Most religious leaders and civil rights groups, including the NAACP, told people to ignore the Klan. Only two organized groups had threatened to stage protests, and neither worried the authorities. A small group from the Gandhi Institute for Non-Violence planned a silent protest. And Memphians Against Racism, a loosely knit group of mostly young, mostly white people with a liberal bent, didn't seem to know what they were going to do.

The cops talked to the organized groups. But they didn't count on the provocative news coverage, which brought out more unpredictable groups — the gangbangers, the malcontents, the suggestible. On the day of the rally, the "bad guys" — the Klan — just stood on the courthouse steps talking. The "good guys," the anti-Klan protesters, were much scarier.

They were a sea of diverse faces, especially for Memphis. They were also crowded, unruly, and agitated. Some of the protesters started screaming at the Klan even before they reared their coned heads. Some had tried to smuggle in weapons. Some shoved. Some danced. Some held signs to provoke the KKK. The Ghandi Institute protesters stood in silence, not reacting to anything. The leader for Memphians Against Racism taunted both the Klan and those who tried to keep the peace.

"Fuck the police!" he yelled.

I left shortly after the Klan took the courthouse steps. The crowd had rattled something in me, something I wanted to escape rather than confront. It wasn't hate, not like the Klan had hoped.

It was fear.

I set off for an organized labor gathering about two miles away.
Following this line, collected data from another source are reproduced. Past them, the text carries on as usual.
definition constraint_normals ::
  "(real^'n \<Rightarrow> 'y::real_normed_vector) \<Rightarrow> (real^'n \<Rightarrow> ((real^'n) \<Rightarrow>\<^sub>L 'y)) \<Rightarrow> 'y set
   \<Rightarrow> real^'n \<Rightarrow> (real^'n) set" where
  "constraint_normals G DG K x =
     {v. \<exists>l\<in>polar_cone K. blinfun_apply l (G x) = 0 \<and>
          (\<forall>h. v \<bullet> h = blinfun_apply l (blinfun_apply (DG x) h))}"

definition normal_cone_cvx :: "(real^'n) set \<Rightarrow> real^'n \<Rightarrow> (real^'n) set" where
  "normal_cone_cvx A x = {v. \<forall>a\<in>A. v \<bullet> (a - x) \<le> 0}"

definition convex_conic_hull :: "'a::real_vector set \<Rightarrow> 'a set" where
  "convex_conic_hull S = {v. \<exists>T c. finite T \<and> T \<subseteq> S \<and> (\<forall>u\<in>T. c u \<ge> 0) \<and>
                               v = (\<Sum>u\<in>T. c u *\<^sub>R u)}"

(* Fixed enumeration of the coordinate/column index type by {1..d}.
   (Any choice only changes all determinants by the same sign.) *)
definition pos_of :: "'n::finite \<Rightarrow> nat" where
  "pos_of = (SOME g. bij_betw g (UNIV::'n set) {1..CARD('n)})"

(* k-th column (k = 1..d) of the matrix [V_1,...,V_{s-1},V_{s+1},...,V_{d+1}] *)
definition col_index :: "nat \<Rightarrow> nat \<Rightarrow> nat" where
  "col_index s k = (if k < s then k else Suc k)"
Soon afterward, some protesters descended on a man bent on an apparent suicide mission, wearing a Confederate flag T-shirt and passing out racist literature. The police line collapsed and sheer chaos ensued. People ran, trampled, screamed, and hurled bricks through windows.
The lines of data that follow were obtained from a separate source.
lemma K_eq_ibp:
  assumes "b > 0" "c > 0"
  shows "K b c = integral {0..} (ibp_term1 b c) + (2 * b - 1) * integral {0..} (ibp_term2 b c)"
proof -
  note integrable = K_integrand_absolutely_integrable ibp_term1_absolutely_integrable
    ibp_term2_absolutely_integrable
  have partial: "integral {0..B} (K_integrand b c) = ibp_boundary b c B + integral {0..B} (ibp_term1 b c)
      + (2 * b - 1) * integral {0..B} (ibp_term2 b c)" if "B \<ge> 0" for B
  proof -
    have "((\<lambda>y. K_integrand b c y - ibp_term1 b c y - (2 * b - 1) * ibp_term2 b c y)
            has_integral ibp_boundary b c B - ibp_boundary b c 0) {0..B}"
    proof (rule fundamental_theorem_of_calculus_interior_strong[where S = "{}"])
      show "continuous_on {0..B} (ibp_boundary b c)"
        using continuous_on_ibp_boundary[OF assms] by (rule continuous_on_subset) auto
      show "(ibp_boundary b c has_vector_derivative
          K_integrand b c y - ibp_term1 b c y - (2 * b - 1) * ibp_term2 b c y) (at y)"
        if "y \<in> {0<..<B} - {}" for y
        using has_real_derivative_ibp_boundary[OF assms(2), of y b] that
        by (simp add: has_real_derivative_iff_has_vector_derivative)
    qed (use that in auto)
    moreover have "((\<lambda>y. K_integrand b c y - ibp_term1 b c y - (2 * b - 1) * ibp_term2 b c y)
        has_integral integral {0..B} (K_integrand b c) - integral {0..B} (ibp_term1 b c)
          - (2 * b - 1) * integral {0..B} (ibp_term2 b c)) {0..B}"
      using assms by (intro has_integral_diff has_integral_mult_right integrable_integral
        integrable_on_atLeastAtMost_if_absolutely_integrable integrable)
    ultimately have "ibp_boundary b c B - ibp_boundary b c 0 = integral {0..B} (K_integrand b c)
        - integral {0..B} (ibp_term1 b c) - (2 * b - 1) * integral {0..B} (ibp_term2 b c)"
      by (rule has_integral_unique)
    then show ?thesis
      by (simp add: ibp_boundary_def)
  qed
  have "((\<lambda>B. ibp_boundary b c B + integral {0..B} (ibp_term1 b c)
            + (2 * b - 1) * integral {0..B} (ibp_term2 b c))
        \<longlongrightarrow> 0 + integral {0..} (ibp_term1 b c) + (2 * b - 1) * integral {0..} (ibp_term2 b c)) at_top"
  proof (intro tendsto_intros tendsto_integral_atLeastAtMost integrable assms)
    show "(ibp_boundary b c \<longlongrightarrow> 0) at_top"
      unfolding ibp_boundary_def using assms by real_asymp
  qed
  moreover have "\<forall>\<^sub>F B in at_top. ibp_boundary b c B + integral {0..B} (ibp_term1 b c)
      + (2 * b - 1) * integral {0..B} (ibp_term2 b c) = integral {0..B} (K_integrand b c)"
    using partial by (intro eventually_at_top_linorderI[of 0]) simp
  ultimately have "((\<lambda>B. integral {0..B} (K_integrand b c))
        \<longlongrightarrow> integral {0..} (ibp_term1 b c) + (2 * b - 1) * integral {0..} (ibp_term2 b c)) at_top"
    by (simp add: tendsto_cong)
  moreover have "((\<lambda>B. integral {0..B} (K_integrand b c)) \<longlongrightarrow> K b c) at_top"
    unfolding K_def by (intro tendsto_integral_atLeastAtMost K_integrand_absolutely_integrable assms)
  ultimately show ?thesis
    using tendsto_unique[OF trivial_limit_at_top_linorder] by blast
qed

lemma exp_neg_two_powr_ge:
  fixes b y :: real
  assumes "b > 0" "0 \<le> y" "y \<le> 1"
  shows "exp (-2) \<le> exp (-2 * y powr b)"
  using assms powr_mono2[of b y 1] by simp

lemma integral_ibp_term1_ge:
  assumes "b > 0" "c > 0"
  shows "exp (-2) * (- ln c - 1) \<le> integral {0..} (ibp_term1 b c)"
proof -
  have "((\<lambda>y. y / (c + y)^2) has_integral (ln (c + 1) + c / (c + 1)) - (ln (c + 0) + c / (c + 0))) {0..1}"
  proof (rule fundamental_theorem_of_calculus)
    show "((\<lambda>y. ln (c + y) + c / (c + y)) has_vector_derivative y / (c + y)^2) (at y within {0..1})"
      if "y \<in> {0..1}" for y
    proof -
      have "c + y > 0" using that assms by simp
      then show ?thesis
        unfolding has_real_derivative_iff_has_vector_derivative [symmetric]
        by (auto intro!: derivative_eq_intros) (simp add: power2_eq_square diff_divide_eq_iff divide_diff_eq_iff)
    qed
  qed simp
  then have "((\<lambda>y. y / (c + y)^2) has_integral ln (c + 1) + c / (c + 1) - ln c - 1) {0..1}"
    using assms by (simp add: algebra_simps)
  then have "exp (-2) * (ln (c + 1) + c / (c + 1) - ln c - 1) \<le> integral {0..1} (ibp_term1 b c)"
  proof (rule has_integral_le[OF has_integral_mult_right integrable_integral])
    show "ibp_term1 b c integrable_on {0..1}"
      using ibp_term1_absolutely_integrable[OF assms]
      by (rule integrable_on_atLeastAtMost_if_absolutely_integrable)
    show "exp (-2) * (y / (c + y)^2) \<le> ibp_term1 b c y" if "y \<in> {0..1}" for y
    proof -
      have "exp (-2) * y \<le> y * exp (-2 * y powr b)"
        using exp_neg_two_powr_ge[OF assms(1), of y] that by (simp add: mult.commute mult_left_mono)
      then show ?thesis
        unfolding ibp_term1_def by (simp add: divide_right_mono)
    qed
  qed
  also have "\<dots> \<le> integral {0..} (ibp_term1 b c)"
    using assms ibp_term1_nonneg
    by (intro integral_atLeastAtMost_le_atLeast ibp_term1_absolutely_integrable)
  finally show ?thesis
    using assms by (smt (verit) exp_gt_zero ln_ge_zero mult_left_mono divide_nonneg_nonneg)
qed

lemma integral_ibp_term2_nonneg:
  assumes "b > 0" "c > 0"
  shows "integral {0..} (ibp_term2 b c) \<ge> 0"
  using ibp_term2_absolutely_integrable[OF assms] ibp_term2_nonneg[OF assms(2)]
  by (intro integral_nonneg) (auto simp: absolutely_integrable_on_def)

lemma integral_ibp_term2_le:
  assumes "b > 0" "c > 0"
  shows "integral {0..} (ibp_term2 b c) \<le> 1 / (2 * b)"
proof (rule tendsto_upperbound)
  show "((\<lambda>B. integral {0..B} (ibp_term2 b c)) \<longlongrightarrow> integral {0..} (ibp_term2 b c)) at_top"
    by (intro tendsto_integral_atLeastAtMost ibp_term2_absolutely_integrable assms)
  show "\<forall>\<^sub>F B in at_top. integral {0..B} (ibp_term2 b c) \<le> 1 / (2 * b)"
  proof (rule eventually_at_top_linorderI[of 0])
    fix B :: real
    assume "B \<ge> 0"
    have "((\<lambda>y. y powr (b - 1) * exp (-2 * y powr b)) has_integral
        (- exp (-2 * B powr b) / (2 * b)) - (- exp (-2 * 0 powr b) / (2 * b))) {0..B}"
    proof (rule fundamental_theorem_of_calculus_interior_strong[where S = "{}"])
      have "continuous_on {0..} (\<lambda>y. - exp (-2 * y powr b) / (2 * b))"
        using assms by (intro continuous_intros continuous_on_powr_atLeast_0) auto
      then show "continuous_on {0..B} (\<lambda>y. - exp (-2 * y powr b) / (2 * b))"
        by (rule continuous_on_subset) auto
      show "((\<lambda>y. - exp (-2 * y powr b) / (2 * b)) has_vector_derivative
          y powr (b - 1) * exp (-2 * y powr b)) (at y)" if "y \<in> {0<..<B} - {}" for y
      proof -
        have "y powr (b - 1) = y powr b / y" using that by (simp add: powr_diff)
        with that assms show ?thesis
          unfolding has_real_derivative_iff_has_vector_derivative [symmetric]
          by (auto intro!: derivative_eq_intros simp: field_simps)
      qed
    qed (use \<open>B \<ge> 0\<close> in auto)
    then have int: "((\<lambda>y. y powr (b - 1) * exp (-2 * y powr b)) has_integral
        (1 - exp (-2 * B powr b)) / (2 * b)) {0..B}"
      using assms by (simp add: diff_divide_distrib)
    have "integral {0..B} (ibp_term2 b c) \<le> (1 - exp (-2 * B powr b)) / (2 * b)"
    proof (rule has_integral_le[OF integrable_integral int])
      show "ibp_term2 b c integrable_on {0..B}"
        using ibp_term2_absolutely_integrable[OF assms]
        by (rule integrable_on_atLeastAtMost_if_absolutely_integrable)
      show "ibp_term2 b c y \<le> y powr (b - 1) * exp (-2 * y powr b)" if "y \<in> {0..B}" for y
      proof (cases "y = 0")
        case False
        with that have "y > 0" by simp
        then have "y powr b / (c + y) \<le> y powr b / y"
          using assms by (intro divide_left_mono) auto
        also have "\<dots> = y powr (b - 1)"
          using \<open>y > 0\<close> by (simp add: powr_diff)
        finally have "y powr b / (c + y) * exp (-2 * y powr b) \<le> y powr (b - 1) * exp (-2 * y powr b)"
          by (rule mult_right_mono) simp
        then show ?thesis
          unfolding ibp_term2_def by simp
      qed (simp add: ibp_term2_def)
    qed
    also have "\<dots> \<le> 1 / (2 * b)"
      using assms by (intro divide_right_mono) auto
    finally show "integral {0..B} (ibp_term2 b c) \<le> 1 / (2 * b)" .
  qed
qed simp

lemma integral_ibp_term2_ge:
  assumes "b > 0" "c \<ge> 1"
  shows "exp (-2) / (2 * (b + 1)) \<le> c * integral {0..} (ibp_term2 b c)"
proof -
  have "c > 0" using assms by simp
  have "((\<lambda>y. y powr b) has_integral 1 / (b + 1)) {0..1}"
    using has_integral_powr_from_0[of b 1] assms by simp
  then have "exp (-2) / (2 * c) * (1 / (b + 1)) \<le> integral {0..1} (ibp_term2 b c)"
  proof (rule has_integral_le[OF has_integral_mult_right integrable_integral])
    show "ibp_term2 b c integrable_on {0..1}"
      using ibp_term2_absolutely_integrable[OF assms(1) \<open>c > 0\<close>]
      by (rule integrable_on_atLeastAtMost_if_absolutely_integrable)
    show "exp (-2) / (2 * c) * y powr b \<le> ibp_term2 b c y" if "y \<in> {0..1}" for y
    proof -
      have "exp (-2) / (2 * c) \<le> exp (-2 * y powr b) / (c + y)"
        using exp_neg_two_powr_ge[OF assms(1), of y] that assms by (intro frac_le) auto
      then have "y powr b * (exp (-2) / (2 * c)) \<le> y powr b * (exp (-2 * y powr b) / (c + y))"
        by (rule mult_left_mono) simp
      then show ?thesis
        unfolding ibp_term2_def by (simp add: mult.commute)
    qed
  qed
  also have "\<dots> \<le> integral {0..} (ibp_term2 b c)"
    using assms \<open>c > 0\<close> ibp_term2_nonneg
    by (intro integral_atLeastAtMost_le_atLeast ibp_term2_absolutely_integrable)
  finally have "c * (exp (-2) / (2 * c) * (1 / (b + 1))) \<le> c * integral {0..} (ibp_term2 b c)"
    using \<open>c > 0\<close> by (intro mult_left_mono) auto
  then show ?thesis
    using \<open>c > 0\<close> by simp
qed

lemma integral_ibp_term1_le:
  assumes "b > 0"
  shows "\<exists>M. \<forall>c>0. c * integral {0..} (ibp_term1 b c) \<le> M / c"
proof -
  obtain M where M: "M > 0" "\<forall>c y. c > 0 \<longrightarrow> y \<ge> 0 \<longrightarrow> ibp_term1 b c y \<le> (M / c^2) / (1 + y)^2"
    using ibp_term1_dominated[OF assms] by blast
  have "c * integral {0..} (ibp_term1 b c) \<le> M / c" if "c > 0" for c
  proof -
    have "integral {0..} (ibp_term1 b c) \<le> (M / c^2) * 1"
    proof (rule has_integral_le[OF integrable_integral
          has_integral_mult_right[OF has_integral_inverse_square_shifted]])
      show "ibp_term1 b c integrable_on {0..}"
        using ibp_term1_absolutely_integrable[OF assms that] by (simp add: absolutely_integrable_on_def)
      show "ibp_term1 b c y \<le> M / c^2 * (1 / (1 + y)^2)" if "y \<in> {0..}" for y
        using M \<open>c > 0\<close> that by simp
    qed
    then show ?thesis
      using that by (simp add: field_simps power2_eq_square)
  qed
  then show ?thesis by blast
qed

lemma K_pos:
  assumes "b \<ge> 1/2" "c > 0"
  shows "K b c > 0"
proof -
  have "b > 0" using assms by simp
  have "integral {0..} (ibp_term1 b c) > 0"
  proof (rule integral_atLeast_pos[of 0 _ 1])
    show "ibp_term1 b c integrable_on {0..}"
      using ibp_term1_absolutely_integrable[OF \<open>b > 0\<close> assms(2)]
      by (simp add: absolutely_integrable_on_def)
    show "continuous_on {0..} (ibp_term1 b c)"
      using \<open>b > 0\<close> assms(2) by (rule continuous_on_ibp_term1)
  qed (use assms in \<open>auto intro: ibp_term1_nonneg simp: ibp_term1_def\<close>)
  moreover have "integral {0..} (ibp_term2 b c) \<ge> 0"
    using \<open>b > 0\<close> assms(2) by (rule integral_ibp_term2_nonneg)
  ultimately show ?thesis
    using K_eq_ibp[OF \<open>b > 0\<close> assms(2)] assms(1) by (simp add: add_pos_nonneg)
qed

lemma K_pos_somewhere:
  assumes "b > 0"
  shows "\<exists>c>0. K b c > 0"
proof -
  define c where "c = exp (- (exp 2 * (1 / (2 * b) + 1) + 1))"
  have "c > 0" by (simp add: c_def)
  have "exp (-2) * (- ln c - 1) = 1 / (2 * b) + 1"
    by (simp add: c_def exp_minus field_simps)
  then have "1 / (2 * b) + 1 \<le> integral {0..} (ibp_term1 b c)"
    using integral_ibp_term1_ge[OF assms \<open>c > 0\<close>] by simp
  moreover have "integral {0..} (ibp_term2 b c) \<le> 1 / (2 * b)"
    by (rule integral_ibp_term2_le[OF assms \<open>c > 0\<close>])
  moreover have "(2 * b - 1) * integral {0..} (ibp_term2 b c) \<ge> - integral {0..} (ibp_term2 b c)"
    using integral_ibp_term2_nonneg[OF assms \<open>c > 0\<close>] assms
      mult_nonneg_nonneg[of b "integral {0..} (ibp_term2 b c)"]
    by (simp add: algebra_simps)
  ultimately have "K b c \<ge> 1"
    using K_eq_ibp[OF assms \<open>c > 0\<close>] by linarith
  with \<open>c > 0\<close> show ?thesis by auto
qed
My cell phone rang shortly after the melee started.

"Get over here!" another reporter barked, her voice hardly audible in the noisy mob. "They're tear-gassing everybody!"

By the time I returned to the place where free speech had turned violent, the courthouse steps were empty. The street was filled with police vehicles, fire trucks, and reporters. There were huge holes in the windows of neighboring buildings, and glass littered the sidewalks. A few public officials wandered the street with newspeople in tow, not missing the chance to comment on the chaos.

I turned a corner. Then someone fired a gun, and I ducked into a doorway. A few seconds later a ragtag crew of mostly young people rushed past, and I joined them, the cops at our backs. That's when I approached the young father.

He told me I was part of the problem. I said I was just doing my job. We ducked onto a side street and exchanged words. We quickly attracted an audience, including a blond film student who stuck a video camera in his face. Once we stopped fighting and starting talking, however, she and her entourage got bored and left.

Then the young father shared something. He said he hadn't brought his sons there to endanger them. He brought them to awaken them to their lot in life. This is the easy kind of racism to detect, he explained — the authorities protecting racists while black men are harassed on the public streets, tear-gassed, and shoved against police cruisers.

The other kind of racism, the kind that makes you casually dismissed or resented or passed over for jobs, isn't so blatant. And you can't effectively fight the second before experiencing the first.

I knew then why he had called me clueless. As I looked at the scared boys, at the dried tributary of tears down the dusty cheek of one, I told the young father he was right after all. He couldn't teach me like he was teaching his children. We just didn't see things the same way.

I didn't want to see this. I didn't want to know how far we haven't come. I had sought out the young father because I needed to find something redeeming about the whole experience, even if it was just the realization that I couldn't understand.

I still doubt his boys learned anything positive from the Klan. It's more likely they learned something from the conversation their father had with a white reporter on the fringe of the fray: Everyone is capable of respect, even the clueless.